SAE-FiRE: Enhancing Earnings Surprise Predictions Through Sparse Autoencoder Feature Selection
Huopu Zhang, Yanguang Liu, Miao Zhang, Zirui He, Mengnan Du
TL;DR
This work tackles the challenge of predicting earnings surprises from long, noisy financial documents by introducing SAE-FiRE, a framework that leverages Sparse Autoencoders to extract sparse, interpretable representations from frozen LLM residual activations. It combines two feature-selection strategies—ANOVA F-tests and tree-based importance—to identify the most discriminative SAE dimensions before training a logistic regression classifier, achieving robust performance across three diverse financial datasets. The approach outperforms strong baselines, including zero-/few-shot prompting and long-document models, and offers interpretable insights by mapping top SAE features to human-readable concepts. The results suggest that targeted, noise-filtered latent features can enhance generalization in financial text analytics and point to future extensions into multimodal and cross-lingual tasks.
Abstract
Predicting earnings surprises from financial documents, such as earnings conference calls, regulatory filings, and financial news, has become increasingly important in financial economics. However, these financial documents present significant analytical challenges, typically containing over 5,000 words with substantial redundancy and industry-specific terminology that creates obstacles for language models.
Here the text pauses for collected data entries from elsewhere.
(* Let ${\cal M}$ be the set of matrix-valued functions $L(\lambda)=(1+\lambda^3)^{-1/3}\begin{pmatrix}1&\lambda f&0\\0&1&\lambda g\\\lambda h&0&1\end{pmatrix}$ with $f,g,h\in\mathbb C$, $fgh=1$ (a fixed branch of the cube root being used throughout). Let $L_i\in{\cal M}$, $i=1,2,3,4$, with parameters $(f_i,g_i,h_i)$, satisfy $L_1L_2=L_3L_4$, and suppose that the off-diagonal parts of $L_1,L_2$ are componentwise distinct from the off-diagonal parts of $L_3,L_4$ respectively (i.e. $f_1\ne f_3$, $g_1\ne g_3$, $h_1\ne h_3$, $f_2\ne f_4$, $g_2\ne g_4$, $h_2\ne h_4$). Then there exists $L_0\in{\cal M}$ such that $L_0L_1L_2=L_0L_3L_4=I$. *)

theory Defs
  imports "HOL-Analysis.Analysis"
begin

definition Mpoly :: "complex \<Rightarrow> complex \<Rightarrow> complex \<Rightarrow> complex \<Rightarrow> complex^3^3" where
  "Mpoly f g h lam = vector [vector [1, lam * f, 0], vector [0, 1, lam * g], vector [lam * h, 0, 1]]"

definition Lmat :: "(complex \<Rightarrow> complex) \<Rightarrow> complex \<Rightarrow> complex \<Rightarrow> complex \<Rightarrow> complex \<Rightarrow> complex^3^3" where
  "Lmat cbrt f g h lam = (\<chi> i j. inverse (cbrt (1 + lam ^ 3)) * (Mpoly f g h lam $ i $ j))"

definition Ldom :: "complex set" where
  "Ldom = {lam. 1 + lam ^ 3 \<noteq> 0}"

end

theory Submission imports Defs begin

text \<open>Write \<open>M(f,g,h) = I + \<lambda> N(f,g,h)\<close>, where \<open>N\<close> carries \<open>f, g, h\<close> at the positions
  (1,2), (2,3), (3,1). The quadratic part \<open>N\<^sub>1 N\<^sub>2\<close> of \<open>M\<^sub>1 M\<^sub>2\<close> lives on the complementary
  positions (1,3), (2,1), (3,2), so \<open>L\<^sub>1 L\<^sub>2 = L\<^sub>3 L\<^sub>4\<close> amounts to \<open>N\<^sub>1 + N\<^sub>2 = N\<^sub>3 + N\<^sub>4\<close> and
  \<open>N\<^sub>1 N\<^sub>2 = N\<^sub>3 N\<^sub>4\<close>. Together with \<open>f\<^sub>i g\<^sub>i h\<^sub>i = 1\<close> and \<open>f\<^sub>1 \<noteq> f\<^sub>3\<close>, these equations force
  \<open>(g\<^sub>1 + g\<^sub>2) h\<^sub>1 f\<^sub>2 = -1\<close>, and likewise for the two cyclic shifts of \<open>(f, g, h)\<close>.
  These are exactly the conditions under which \<open>M\<^sub>0 = M(-(f\<^sub>1+f\<^sub>2), -(g\<^sub>1+g\<^sub>2), -(h\<^sub>1+h\<^sub>2))\<close>
  satisfies \<open>M\<^sub>0 M\<^sub>1 M\<^sub>2 = (1 + \<lambda>\<^sup>3) I\<close>, which the normalising factors turn into
  \<open>L\<^sub>0 L\<^sub>1 L\<^sub>2 = I\<close>; then also \<open>L\<^sub>0 L\<^sub>3 L\<^sub>4 = L\<^sub>0 L\<^sub>1 L\<^sub>2 = I\<close>.\<close>

lemma mat_mult_left: "mat a ** A = (\<chi> i j. a * A $ i $ j)"
  unfolding matrix_matrix_mult_def mat_def
  by (auto simp: vec_eq_iff if_distrib if_distribR sum.delta'[OF finite] cong: if_cong)

lemma mat_mult_right: "A ** mat a = (\<chi> i j. A $ i $ j * (a :: 'a::semiring_1))"
  unfolding matrix_matrix_mult_def mat_def
  by (auto simp: vec_eq_iff if_distrib if_distribR sum.delta'[OF finite] cong: if_cong)

lemma mat_mult_mat: "mat a ** mat b = (mat (a * b) :: 'a::semiring_1^'n^'n)"
  unfolding mat_mult_left by (simp add: vec_eq_iff mat_def)

lemma mat_mult_commute: "mat a ** A = A ** (mat a :: 'a::comm_semiring_1^'n^'n)"
  by (simp add: mat_mult_left mat_mult_right mult.commute)

lemma mat_mult_scaled:
  fixes A B :: "'a::comm_semiring_1^'n^'n"
  shows "mat a ** A ** (mat b ** B) = mat (a * b) ** (A ** B)"
proof -
  have "mat a ** A ** (mat b ** B) = mat a ** (A ** mat b) ** B"
    by (simp only: matrix_mul_assoc)
  also have "\<dots> = mat a ** (mat b ** A) ** B"
    by (simp only: mat_mult_commute)
  finally show ?thesis
    by (simp only: matrix_mul_assoc mat_mult_mat)
qed

lemma mat_mult_left_cancel:
  fixes A B :: "'a::field^'n^'n"
  assumes "a \<noteq> 0"
  shows "mat a ** A = mat a ** B \<longleftrightarrow> A = B"
proof
  assume "mat a ** A = mat a ** B"
  then have "mat (inverse a) ** mat a ** A = mat (inverse a) ** mat a ** B"
    by (simp add: matrix_mul_assoc[symmetric])
  then show "A = B"
    using assms by (simp add: mat_mult_mat)
qed simp

lemma Lmat_eq_scaled_Mpoly: "Lmat c f g h lam = mat (inverse (c (1 + lam ^ 3))) ** Mpoly f g h lam"
  by (simp add: Lmat_def mat_mult_left)

lemma Mpoly_mult_eq_iff:
  assumes "lam \<noteq> 0"
  shows "Mpoly f1 g1 h1 lam ** Mpoly f2 g2 h2 lam = Mpoly f3 g3 h3 lam ** Mpoly f4 g4 h4 lam \<longleftrightarrow>
    f1 + f2 = f3 + f4 \<and> g1 + g2 = g3 + g4 \<and> h1 + h2 = h3 + h4 \<and>
    f1 * g2 = f3 * g4 \<and> g1 * h2 = g3 * h4 \<and> h1 * f2 = h3 * f4"
  using assms
  by (simp add: vec_eq_iff forall_3 Mpoly_def matrix_matrix_mult_def sum_3
      ring_distribs[symmetric] mult.assoc conj_ac) (simp only: add.commute)

lemma refactorization_triple_product:
  fixes f1 g1 h1 f2 g2 f3 g3 h3 f4 g4 h4 :: "'a::idom"
  assumes "f1 * g1 * h1 = 1" "f3 * g3 * h3 = 1"
    and "f1 + f2 = f3 + f4" "g1 + g2 = g3 + g4" "f1 * g2 = f3 * g4" "h1 * f2 = h3 * f4"
    and "f1 \<noteq> f3"
  shows "(g1 + g2) * h1 * f2 = -1"
proof -
  define G where "G = g1 + g2"
  have "G * (f1 - f3) = f1 * g1 - f3 * g3"
    using assms(4,5) unfolding G_def by algebra
  then have G_diff: "G * (f1 - f3) * h1 * h3 = h3 - h1"
    using assms(1,2) by algebra
  have h_diff: "(f1 - f3) * h3 = (h1 - h3) * f2"
    using assms(3,6) by algebra
  have "(G * h1 * f2 + 1) * ((f1 - f3) * h3) = G * (f1 - f3) * h1 * h3 * f2 + (f1 - f3) * h3"
    by (simp add: algebra_simps)
  also have "\<dots> = 0"
    unfolding G_diff h_diff by (simp add: algebra_simps)
  finally have "(G * h1 * f2 + 1) * ((f1 - f3) * h3) = 0" .
  moreover have "h3 \<noteq> 0"
    using assms(2) by auto
  ultimately have "G * h1 * f2 + 1 = 0"
    using assms(7) by simp
  then show ?thesis
    unfolding G_def by (simp add: eq_neg_iff_add_eq_0)
qed

lemma sum_product_relation:
  fixes a1 b1 c1 a2 b2 :: "'a::idom"
  assumes "a1 * b1 * c1 = 1" "(b1 + b2) * c1 * a2 = -1"
  shows "a1 * b2 = (a1 + a2) * (b1 + b2)"
proof -
  have "(a1 * b2 - (a1 + a2) * (b1 + b2)) * c1 = - (a1 * b1 * c1) - (b1 + b2) * c1 * a2"
    by (simp add: algebra_simps)
  also have "\<dots> = 0"
    using assms by simp
  finally show ?thesis
    using assms(1) by auto
qed

lemma neg_sum_params_product:
  fixes f1 g1 h1 f2 g2 h2 :: "'a::idom"
  assumes "f1 * g1 * h1 = 1" "(g1 + g2) * h1 * f2 = -1" "(h1 + h2) * f1 * g2 = -1"
  shows "(- (f1 + f2)) * (- (g1 + g2)) * (- (h1 + h2)) = 1"
proof -
  have "(- (f1 + f2)) * (- (g1 + g2)) * (- (h1 + h2)) = - ((h1 + h2) * ((f1 + f2) * (g1 + g2)))"
    by algebra
  also have "\<dots> = - ((h1 + h2) * f1 * g2)"
    using sum_product_relation[OF assms(1,2)] by (simp add: mult.assoc)
  finally show ?thesis
    using assms(3) by simp
qed

lemma Mpoly_triple_product:
  fixes f1 g1 h1 f2 g2 h2 :: complex
  assumes "f1 * g1 * h1 = 1"
    and "(f1 + f2) * g1 * h2 = -1" "(g1 + g2) * h1 * f2 = -1" "(h1 + h2) * f1 * g2 = -1"
  shows "Mpoly (- (f1 + f2)) (- (g1 + g2)) (- (h1 + h2)) lam ** Mpoly f1 g1 h1 lam ** Mpoly f2 g2 h2 lam
    = mat (1 + lam ^ 3)"
proof -
  have "g1 * h1 * f1 = 1" "h1 * f1 * g1 = 1"
    using assms(1) by (simp_all add: mult_ac)
  then have "f1 * g2 = (f1 + f2) * (g1 + g2)" "g1 * h2 = (g1 + g2) * (h1 + h2)"
    "h1 * f2 = (h1 + h2) * (f1 + f2)"
    using sum_product_relation assms by blast+
  with assms show ?thesis
    by (simp add: vec_eq_iff forall_3 Mpoly_def matrix_matrix_mult_def sum_3 mat_def) algebra
qed

lemma Lmat_mult_eq_iff:
  assumes "c (1 + lam ^ 3) ^ 3 = 1 + lam ^ 3" "lam \<in> Ldom"
  shows "Lmat c f1 g1 h1 lam ** Lmat c f2 g2 h2 lam = Lmat c f3 g3 h3 lam ** Lmat c f4 g4 h4 lam
    \<longleftrightarrow> Mpoly f1 g1 h1 lam ** Mpoly f2 g2 h2 lam = Mpoly f3 g3 h3 lam ** Mpoly f4 g4 h4 lam"
proof -
  have "c (1 + lam ^ 3) \<noteq> 0"
    using assms by (auto simp: Ldom_def)
  then show ?thesis
    by (simp add: Lmat_eq_scaled_Mpoly mat_mult_scaled mat_mult_left_cancel)
qed

lemma Lmat_triple_product_eq_id:
  assumes "c (1 + lam ^ 3) ^ 3 = 1 + lam ^ 3" "lam \<in> Ldom"
    and "Mpoly f0 g0 h0 lam ** Mpoly f1 g1 h1 lam ** Mpoly f2 g2 h2 lam = mat (1 + lam ^ 3)"
  shows "Lmat c f0 g0 h0 lam ** Lmat c f1 g1 h1 lam ** Lmat c f2 g2 h2 lam = mat 1"
proof -
  have "Lmat c f0 g0 h0 lam ** Lmat c f1 g1 h1 lam ** Lmat c f2 g2 h2 lam
      = mat (inverse (c (1 + lam ^ 3)) ^ 3) ** mat (1 + lam ^ 3)"
    by (simp add: Lmat_eq_scaled_Mpoly mat_mult_scaled assms(3) power3_eq_cube)
  also have "\<dots> = mat 1"
    using assms(1,2) by (simp add: mat_mult_mat Ldom_def power_inverse)
  finally show ?thesis .
qed

theorem lemma29:
  fixes cbrt :: "complex \<Rightarrow> complex"
    and f1 g1 h1 f2 g2 h2 f3 g3 h3 f4 g4 h4 :: complex
  assumes cbrt: "\<forall>z. cbrt z ^ 3 = z"
    and M1: "f1 * g1 * h1 = 1" and M2: "f2 * g2 * h2 = 1"
    and M3: "f3 * g3 * h3 = 1" and M4: "f4 * g4 * h4 = 1"
    and eq: "\<forall>lam\<in>Ldom. Lmat cbrt f1 g1 h1 lam ** Lmat cbrt f2 g2 h2 lam
                        = Lmat cbrt f3 g3 h3 lam ** Lmat cbrt f4 g4 h4 lam"
    and d1: "f1 \<noteq> f3" "g1 \<noteq> g3" "h1 \<noteq> h3"
    and d2: "f2 \<noteq> f4" "g2 \<noteq> g4" "h2 \<noteq> h4"
  shows "\<exists>f0 g0 h0. f0 * g0 * h0 = 1 \<and>
           (\<forall>lam\<in>Ldom. Lmat cbrt f0 g0 h0 lam ** Lmat cbrt f1 g1 h1 lam ** Lmat cbrt f2 g2 h2 lam = mat 1
                      \<and> Lmat cbrt f0 g0 h0 lam ** Lmat cbrt f3 g3 h3 lam ** Lmat cbrt f4 g4 h4 lam = mat 1)"
proof -
  have "(1 :: complex) \<in> Ldom"
    by (simp add: Ldom_def)
  then have "Mpoly f1 g1 h1 1 ** Mpoly f2 g2 h2 1 = Mpoly f3 g3 h3 1 ** Mpoly f4 g4 h4 1"
    using eq cbrt Lmat_mult_eq_iff by blast
  then have sums: "f1 + f2 = f3 + f4" "g1 + g2 = g3 + g4" "h1 + h2 = h3 + h4"
    and products: "f1 * g2 = f3 * g4" "g1 * h2 = g3 * h4" "h1 * f2 = h3 * f4"
    by (simp_all add: Mpoly_mult_eq_iff)
  have rel_g: "(g1 + g2) * h1 * f2 = -1"
    by (rule refactorization_triple_product[OF M1 M3 sums(1,2) products(1,3) d1(1)])
  have rel_h: "(h1 + h2) * f1 * g2 = -1"
    by (rule refactorization_triple_product[OF _ _ sums(2,3) products(2,1) d1(2)])
      (use M1 M3 in \<open>simp_all add: mult_ac\<close>)
  have rel_f: "(f1 + f2) * g1 * h2 = -1"
    by (rule refactorization_triple_product[OF _ _ sums(3,1) products(3,2) d1(3)])
      (use M1 M3 in \<open>simp_all add: mult_ac\<close>)
  show ?thesis
  proof (intro exI conjI ballI)
    show "(- (f1 + f2)) * (- (g1 + g2)) * (- (h1 + h2)) = 1"
      by (rule neg_sum_params_product[OF M1 rel_g rel_h])
  next
    fix lam assume "lam \<in> Ldom"
    then show "Lmat cbrt (- (f1 + f2)) (- (g1 + g2)) (- (h1 + h2)) lam
      ** Lmat cbrt f1 g1 h1 lam ** Lmat cbrt f2 g2 h2 lam = mat 1"
      using cbrt Mpoly_triple_product[OF M1 rel_f rel_g rel_h] by (blast intro: Lmat_triple_product_eq_id)
    then show "Lmat cbrt (- (f1 + f2)) (- (g1 + g2)) (- (h1 + h2)) lam
      ** Lmat cbrt f3 g3 h3 lam ** Lmat cbrt f4 g4 h4 lam = mat 1"
      using eq \<open>lam \<in> Ldom\<close> by (simp add: matrix_mul_assoc[symmetric])
  qed
qed

end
In this work, we propose the SAE-FiRE (Sparse Autoencoder for Financial Representation Enhancement) framework to address these limitations by extracting key information while eliminating redundancy. SAE-FiRE employs Sparse Autoencoders (SAEs) to decompose dense neural representations from large language models into interpretable sparse components, then applies statistical feature selection methods, including ANOVA F-tests and tree-based importance scoring, to identify the top-k most discriminative dimensions for classification. By systematically filtering out noise that might otherwise lead to overfitting, we enable more robust and generalizable predictions. Experimental results across three financial datasets demonstrate that SAE-FiRE significantly outperforms baseline approaches.